7.8.2 Vendor access control

Vendors entering OT must follow:

  • Authorization and sign-in
  • Dress code/PPE
  • Privacy/confidentiality rules
  • Professional boundary: vendor supports equipment/logistics; vendor does not provide clinical care

7.8.3 Performance monitoring

OTMC reviews outsourced performance:

  • SLA reports
  • Nonconformities (defects, delays, breaches)
  • Corrective actions and evidence of closure
  • Escalation for repeated failures

8. Records and documentation (what surveyors look for)

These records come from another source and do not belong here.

definition curve_length :: "(real \<Rightarrow> 'a::euclidean_space) \<Rightarrow> ereal" where
  "curve_length \<sigma> = (SUP p \<in> {(N, t) | (N :: nat) (t :: nat \<Rightarrow> real).
                                   t 0 = 0 \<and> t N = 1 \<and> (\<forall>k<N. t k < t (Suc k))}.
       ereal (\<Sum>k<fst p. dist (\<sigma> (snd p (Suc k))) (\<sigma> (snd p k))))"

definition Lambda_hat :: "'a::euclidean_space set \<Rightarrow> real \<Rightarrow> ereal" where
  "Lambda_hat E r = (INF \<sigma> \<in> {\<sigma> :: real \<Rightarrow> 'a. (\<exists>L. L-lipschitz_on {0..1} \<sigma>)
                                   \<and> E \<subseteq> nbhd (\<sigma> ` {0..1}) r}. curve_length \<sigma>)"

end

theory Submission
  imports Defs
begin

text \<open>Upper bound: sample \<open>\<gamma>\<close> on a grid of mesh \<open>1/N\<close> with \<open>N \<approx> (C\<^sub>\<gamma>/r)\<^bsup>1/\<alpha>\<^esup>\<close>, so that
  consecutive samples are \<open>r\<close>-close. A polygon through every sample shifted by \<open>r\<close> times the points
  of a fixed finite \<open>1\<close>-net of the ball of radius \<open>3\<close> has length \<open>O(N r)\<close>, and its
  \<open>r\<close>-neighbourhood contains \<open>B(\<gamma>([0,1]), r)\<close>.

  Lower bound: by the lower estimate in \<open>bi_holder\<close> the \<open>N + 1 \<approx> (4 C\<^sub>\<gamma> r)\<^bsup>-1/\<beta>\<^esup>\<close> grid samples are
  \<open>4r\<close>-separated. A curve whose \<open>r\<close>-neighbourhood covers them passes within \<open>3r/2\<close> of each, so it
  visits \<open>N + 1\<close> mutually \<open>r\<close>-separated points and has length at least \<open>(N - 2) r\<close>.\<close>

lemma infdist_lessE:
  fixes A :: "'a::metric_space set"
  assumes "infdist x A < d" "A \<noteq> {}"
  obtains a where "a \<in> A" "dist x a < d"
proof -
  have "(INF a\<in>A. dist x a) < d" using assms by (simp add: infdist_notempty)
  then show ?thesis
    using assms(2) that by (subst (asm) cINF_less_iff) (auto intro: bdd_belowI[of _ 0])
qed

lemma curve_length_ge_inscribed:
  assumes "t 0 = 0" "t N = 1" "\<And>k. k < N \<Longrightarrow> t k < t (Suc k)"
  shows "ereal (\<Sum>k<N. dist (\<sigma> (t (Suc k))) (\<sigma> (t k))) \<le> curve_length \<sigma>"
  unfolding curve_length_def
  by (rule SUP_upper2[where i="(N,t)"]) (use assms in auto)

lemma curve_length_le_lipschitz:
  assumes "L-lipschitz_on {0..1} \<sigma>"
  shows "curve_length \<sigma> \<le> ereal L"
  unfolding curve_length_def
proof (rule SUP_least, clarsimp)
  fix N and t :: "nat \<Rightarrow> real"
  assume t0: "t 0 = 0" and tN: "t N = 1" and st: "\<forall>k<N. t k < t (Suc k)"
  have mono: "t i \<le> t j" if "i \<le> j" "j \<le> N" for i j
    by (rule lift_Suc_mono_le_ivl[of "{..<N}"]) (use st that in \<open>auto intro: less_imp_le\<close>)
  have tin: "t k \<in> {0..1}" if "k \<le> N" for k
    using mono[of 0 k] mono[of k N] that t0 tN by auto
  have "(\<Sum>k<N. dist (\<sigma> (t (Suc k))) (\<sigma> (t k))) \<le> (\<Sum>k<N. L * (t (Suc k) - t k))"
  proof (rule sum_mono)
    fix k assume "k \<in> {..<N}"
    then have "dist (\<sigma> (t (Suc k))) (\<sigma> (t k)) \<le> L * dist (t (Suc k)) (t k)"
      using assms tin[of k] tin[of "Suc k"] unfolding lipschitz_on_def by auto
    then show "dist (\<sigma> (t (Suc k))) (\<sigma> (t k)) \<le> L * (t (Suc k) - t k)"
      using st \<open>k \<in> {..<N}\<close> by (auto simp: dist_real_def)
  qed
  also have "\<dots> = L * (t N - t 0)"
    by (simp add: sum_distrib_left[symmetric] sum_lessThan_telescope)
  finally show "(\<Sum>k<N. dist (\<sigma> (t (Suc k))) (\<sigma> (t k))) \<le> L" using t0 tN by simp
qed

OT keeps controlled evidence of:

  • Scope of Service (current and archived)
  • OTMC TOR, agendas, minutes, action logs
  • Master policy index, version history, acknowledgement records
  • Risk register and annual safety plan
  • KPI dashboard and audit reports
  • Outsourced service SLAs, evaluations, corrective action files

9. Quality indicators (minimum KPI set)

  • Cancellation rate (overall + avoidable)
  • OT utilization and overtime
  • First case on-time start
  • Turnover time (median + outliers)
  • Count discrepancy rate and near-miss trends
  • Sterile supply defects (missing/damaged/wet packs)
  • Cleaning audit compliance
  • Policy acknowledgement and competency completion rate

These support the “measure–improve–report” expectation in quality and safety governance. (Digital Assets)

10. References (core)

  • CBAHI Portal National standards & patient safety requirements framework.
  • JCI leadership and reporting expectations Example GLD reporting statements and standards development. (Digital Assets)
  • WHO Surgical Safety Checklist and tools Supports standardized safe-surgery reliability.